Docker Deployment for API Inference

This document provides an overview of the Docker configuration used to containerize the API.

Dockerfile Execution Flow

View Dockerfile

FROM python:3.12-slim

# Create a non-root user to run the application and set permissions
RUN useradd -m -u 1000 turinguser
RUN mkdir -p /app/models && chown -R turinguser:turinguser /app /app/models
USER turinguser

# Set environment variables 
# PATH to include local user binaries and project root
ENV PATH="/home/turinguser/.local/bin:$PATH"
ENV PROJ_ROOT=/app

# Set the working directory in the container
WORKDIR /app

# Copy essential files to install dependencies
COPY --chown=turinguser requirements.txt .

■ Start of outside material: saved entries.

(* Let $\Omega\subset\mathbb{R}^d$ be a bounded domain and $k\ge1$. Suppose $f:\mathbb{R}^d\to\mathbb{R}$ can be represented by an MLP with width $W\ge1$, depth $L\ge1$ and activation function $\sigma_k(x)=\max(0,x)^k$. Then there exists a KAN $g$ with width $W$, depth at most $2L$, and grid size $G=2$ with $k$-th order B-spline functions such that $g(\mathbf{x})=f(\mathbf{x})$ for all $\mathbf{x}\in\Omega$.
   Context: An MLP of depth $L$ and width $W$ with activation $\sigma_k$ is a map $f=A_L\circ\sigma_k\circ A_{L-1}\circ\cdots\circ\sigma_k\circ A_1$, where the $A_l$ are affine maps, all intermediate (hidden) dimensions are at most $W$, and $\sigma_k$ is applied coordinatewise. A KAN of depth $D$ is a composition $\Phi_{D-1}\circ\cdots\circ\Phi_0$ of KAN layers, where a KAN layer from $\mathbb{R}^{m}$ to $\mathbb{R}^{m'}$ is a matrix of univariate functions $\{\phi_{j,i}\}$ acting by $(\Phi\mathbf{x})_j=\sum_{i=1}^{m}\phi_{j,i}(x_i)$; its width is the maximal hidden-layer dimension. Each univariate function has the form $\phi(x)=w_b\,\mathrm{silu}(x)+w_s\sum_i c_iB_i(x)$ with $\mathrm{silu}(x)=x/(1+e^{-x})$, real coefficients $w_b,w_s,c_i$, and $B_i$ the degree-$k$ B-splines on the knot sequence obtained from a uniform partition of an interval $[-R,R]$ into $G$ intervals extended uniformly by $k$ knots on each side ("grid size $G$ with $k$-th order B-splines"). *)

theory Defs
  imports "HOL-Analysis.Analysis"
begin

definition sigma_pow :: "nat \<Rightarrow> real \<Rightarrow> real" where
  "sigma_pow k x = (max 0 x) ^ k"

definition silu :: "real \<Rightarrow> real" where
  "silu x = x / (1 + exp (- x))"

text \<open>B-splines by the Cox--de Boor recursion: bspline t p i is the degree p
  B-spline on the knots t i, ..., t (i+p+1).\<close>
fun bspline :: "(nat \<Rightarrow> real) \<Rightarrow> nat \<Rightarrow> nat \<Rightarrow> real \<Rightarrow> real" where
  "bspline t 0 i x = (if t i \<le> x \<and> x < t (Suc i) then 1 else 0)"
| "bspline t (Suc p) i x =
     (x - t i) / (t (i + Suc p) - t i) * bspline t p i x
   + (t (i + p + 2) - x) / (t (i + p + 2) - t (Suc i)) * bspline t p (Suc i) x"

text \<open>Uniform partition of [-R,R] into G intervals, extended uniformly by k knots
  on each side; knot j (j = 0..G+2k) is -R + (j-k)*2R/G.\<close>
definition uniform_knots :: "real \<Rightarrow> nat \<Rightarrow> nat \<Rightarrow> nat \<Rightarrow> real" where
  "uniform_knots R G k j = - R + (real j - real k) * (2 * R / real G)"

definition kan_basis_fun :: "nat \<Rightarrow> nat \<Rightarrow> real \<Rightarrow> (real \<Rightarrow> real) \<Rightarrow> bool" where
  "kan_basis_fun k G R \<phi> \<longleftrightarrow>
     (\<exists>wb ws (c :: nat \<Rightarrow> real). \<forall>x. \<phi> x =
        wb * silu x + ws * (\<Sum>i<G + k. c i * bspline (uniform_knots R G k) k i x))"

text \<open>MLPs. Hidden vectors are nat-indexed, only the first m coordinates being used
  by a layer of input dimension m. The first affine map acts on R^d = real^'d.\<close>
definition aff_in :: "(nat \<Rightarrow> 'd::finite \<Rightarrow> real) \<Rightarrow> (nat \<Rightarrow> real) \<Rightarrow> real^'d \<Rightarrow> nat \<Rightarrow> real" where
  "aff_in M b x = (\<lambda>j. (\<Sum>i\<in>UNIV. M j i * x $ i) + b j)"

definition aff :: "(nat \<Rightarrow> nat \<Rightarrow> real) \<Rightarrow> (nat \<Rightarrow> real) \<Rightarrow> nat \<Rightarrow> (nat \<Rightarrow> real) \<Rightarrow> nat \<Rightarrow> real" where
  "aff M b m h = (\<lambda>j. (\<Sum>i<m. M j i * h i) + b j)"

fun mlp_tail :: "nat \<Rightarrow> ((nat \<Rightarrow> nat \<Rightarrow> real) \<times> (nat \<Rightarrow> real)) list \<Rightarrow> nat list
                  \<Rightarrow> (nat \<Rightarrow> real) \<Rightarrow> (nat \<Rightarrow> real)" where
  "mlp_tail k ((M, b) # As) (m # ms) h = mlp_tail k As ms (aff M b m (\<lambda>i. sigma_pow k (h i)))"
| "mlp_tail k _ _ h = h"

definition mlp_eval :: "nat \<Rightarrow> (nat \<Rightarrow> 'd::finite \<Rightarrow> real) \<Rightarrow> (nat \<Rightarrow> real)
    \<Rightarrow> ((nat \<Rightarrow> nat \<Rightarrow> real) \<times> (nat \<Rightarrow> real)) list \<Rightarrow> nat list \<Rightarrow> real^'d \<Rightarrow> real" where
  "mlp_eval k M0 b0 As hs x = mlp_tail k As hs (aff_in M0 b0 x) 0"

text \<open>f is represented by an MLP of depth L (L affine maps A_1..A_L), hidden
  dimensions hs (L-1 of them) all at most W, scalar output (coordinate 0).\<close>
definition is_mlp :: "nat \<Rightarrow> nat \<Rightarrow> nat \<Rightarrow> (real^'d::finite \<Rightarrow> real) \<Rightarrow> bool" where
  "is_mlp k W L f \<longleftrightarrow> 1 \<le> L \<and>
     (\<exists>(M0 :: nat \<Rightarrow> 'd \<Rightarrow> real) b0 As hs.
        length As = L - 1 \<and> length hs = L - 1 \<and> (\<forall>m\<in>set hs. m \<le> W) \<and>
        (\<forall>x. f x = mlp_eval k M0 b0 As hs x))"

definition kan_in :: "(nat \<Rightarrow> 'd::finite \<Rightarrow> real \<Rightarrow> real) \<Rightarrow> real^'d \<Rightarrow> nat \<Rightarrow> real" where
  "kan_in \<Phi> x = (\<lambda>j. \<Sum>i\<in>UNIV. \<Phi> j i (x $ i))"

definition kan_layer :: "(nat \<Rightarrow> nat \<Rightarrow> real \<Rightarrow> real) \<Rightarrow> nat \<Rightarrow> (nat \<Rightarrow> real) \<Rightarrow> nat \<Rightarrow> real" where
  "kan_layer \<Phi> m h = (\<lambda>j. \<Sum>i<m. \<Phi> j i (h i))"

fun kan_tail :: "(nat \<Rightarrow> nat \<Rightarrow> real \<Rightarrow> real) list \<Rightarrow> nat list \<Rightarrow> (nat \<Rightarrow> real) \<Rightarrow> (nat \<Rightarrow> real)" where
  "kan_tail (\<Phi> # \<Phi>s) (m # ms) h = kan_tail \<Phi>s ms (kan_layer \<Phi> m h)"
| "kan_tail _ _ h = h"

definition kan_eval :: "(nat \<Rightarrow> 'd::finite \<Rightarrow> real \<Rightarrow> real) \<Rightarrow> (nat \<Rightarrow> nat \<Rightarrow> real \<Rightarrow> real) list
    \<Rightarrow> nat list \<Rightarrow> real^'d \<Rightarrow> real" where
  "kan_eval \<Phi>0 \<Phi>s hs x = kan_tail \<Phi>s hs (kan_in \<Phi>0 x) 0"

definition is_kan :: "nat \<Rightarrow> nat \<Rightarrow> nat \<Rightarrow> nat \<Rightarrow> (real^'d::finite \<Rightarrow> real) \<Rightarrow> bool" where
  "is_kan k G W D g \<longleftrightarrow> 1 \<le> D \<and>
     (\<exists>R (\<Phi>0 :: nat \<Rightarrow> 'd \<Rightarrow> real \<Rightarrow> real) \<Phi>s hs. R > 0 \<and>
        length \<Phi>s = D - 1 \<and> length hs = D - 1 \<and> (\<forall>m\<in>set hs. m \<le> W) \<and>
        (\<forall>j i. kan_basis_fun k G R (\<Phi>0 j i)) \<and>
        (\<forall>\<Phi>\<in>set \<Phi>s. \<forall>j i. kan_basis_fun k G R (\<Phi> j i)) \<and>
        (\<forall>x. g x = kan_eval \<Phi>0 \<Phi>s hs x))"

end

theory Submission
  imports Defs
begin

text \<open>The grid of size 2 on [-R, R] extended by k knots on each side has the knots
  t j = (j - k - 1) R. On [-R, R) the degree-k B-splines on these knots form a partition of unity
  and reproduce the identity with the Greville abscissae as coefficients, so every affine map
  y \<mapsto> \<alpha> y + \<beta> is such a spline there; and since t (k + 1) = 0, a multiple of one B-spline equals
  \<sigma>_k on all of (-\<infinity>, R). Hence the input affine map becomes one KAN layer and every further
  MLP layer (\<sigma>_k followed by an affine map) becomes two KAN layers, a diagonal \<sigma>_k layer and an
  affine one, for a total depth 2L - 1. As \<Omega> is bounded, all pre-activations on \<Omega> are bounded,
  and R is chosen so large that every spline identity applies; of the hypotheses on \<Omega> only
  boundedness is needed.\<close>

section \<open>B-splines on equispaced knots\<close>

locale equispaced_knots =
  fixes t :: "nat \<Rightarrow> real" and a h :: real
  assumes knot_eq: "t j = a + real j * h" and spacing_pos: "h > 0"
begin

lemma bspline_eq_0_outside:
  "x < t i \<or> t (i + p + 1) \<le> x \<Longrightarrow> bspline t p i x = 0"
proof (induction p arbitrary: i)
  case 0
  then show ?case using spacing_pos by (auto simp: knot_eq)
next
  case (Suc p)
  have "bspline t p i x = 0" "bspline t p (Suc i) x = 0"
    using Suc.prems spacing_pos by (auto intro!: Suc.IH simp: knot_eq algebra_simps)
  then show ?case by simp
qed

lemma bspline_first_piece:
  "x < t (Suc i) \<Longrightarrow> bspline t p i x = (if t i \<le> x then (x - t i) ^ p / (fact p * h ^ p) else 0)"
proof (induction p)
  case (Suc p)
  have "bspline t p (Suc i) x = 0"
    using Suc.prems by (intro bspline_eq_0_outside) simp
  moreover have "t (Suc (i + p)) - t i = real (Suc p) * h"
    by (simp add: knot_eq algebra_simps)
  ultimately show ?case
    using Suc spacing_pos by (simp add: field_simps)
qed simp

text \<open>At j = 0 the truncated index j - 1 is harmless, as bspline t p 0 vanishes on [t (p + 1), \<infinity>).\<close>
lemma sum_bspline_Suc:
  assumes "t (Suc p) \<le> x" and "x < t n"
  shows "(\<Sum>j<n. c j * bspline t (Suc p) j x) =
    (\<Sum>j<n. (c j * (x - t j) + c (j - 1) * (t (j + p + 1) - x)) / (real (Suc p) * h) * bspline t p j x)"
proof -
  define A where "A j = c j * (x - t j) / (real (Suc p) * h) * bspline t p j x" for j
  define F where "F j = c (j - 1) * (t (j + p + 1) - x) / (real (Suc p) * h) * bspline t p j x" for j
  have width: "t (Suc (j + p)) - t j = real (Suc p) * h" "t (Suc (Suc (j + p))) - t (Suc j) = real (Suc p) * h" for j
    by (simp_all add: knot_eq algebra_simps)
  have "(\<Sum>j<n. c j * bspline t (Suc p) j x) = (\<Sum>j<n. A j + F (Suc j))"
    by (intro sum.cong) (simp_all add: A_def F_def width algebra_simps)
  also have "\<dots> = (\<Sum>j<n. A j) + (\<Sum>j<Suc n. F j) - F 0"
    by (simp only: sum.distrib sum.lessThan_Suc_shift)
  also have "\<dots> = (\<Sum>j<n. A j) + (\<Sum>j<n. F j)"
    using assms by (simp add: F_def bspline_eq_0_outside)
  finally show ?thesis
    using spacing_pos by (simp add: A_def F_def sum.distrib[symmetric] add_divide_distrib distrib_right)
qed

# Install Python dependencies
RUN pip install --default-timeout=1000 --no-cache-dir torch --index-url https://download.pytorch.org/whl/cpu
RUN pip3 install -v -r requirements.txt --upgrade --default-timeout=1000 --no-cache-dir --break-system-packages

# Copy remaining project files
COPY --chown=turinguser turing ./turing
COPY --chown=turinguser reports ./reports

# Expose port 7860 for the FastAPI application
EXPOSE 7860

# Default command to run the FastAPI application on port 7860
CMD ["uvicorn", "turing.api.app:app", "--host", "0.0.0.0", "--port", "7860"]

The Dockerfile is designed to create a secure and optimized environment for running the machine learning API. Here is a detailed breakdown of the build process:

Base Image: The build starts from the official python:3.12-slim image.
Security & User Permissions: To follow security best practices, a non-root user named turinguser (UID 1000) is created. This user is granted ownership of the /app and /app/models directories, ensuring the application does not run with root privileges.
Environment Configuration: The system PATH is updated to include the local user’s binary directory, and the PROJ_ROOT variable is set to /app for consistent internal path referencing.
Optimized Dependency Installation:
- The process first installs the CPU-only version of torch. This significantly reduces the final image size compared to the standard GPU-enabled versions.
- The remaining project requirements are then installed with a high timeout and the --no-cache-dir flag to ensure a stable, clean build without storing unnecessary temporary files.
Application Deployment: The core source code (turing folder) and the reports directory are copied into the container with the correct ownership for turinguser.
Port and Startup: Port 7860 is exposed to allow external traffic. The container concludes by defining the default command to launch the FastAPI application using Uvicorn, bound to all network interfaces on the specified port.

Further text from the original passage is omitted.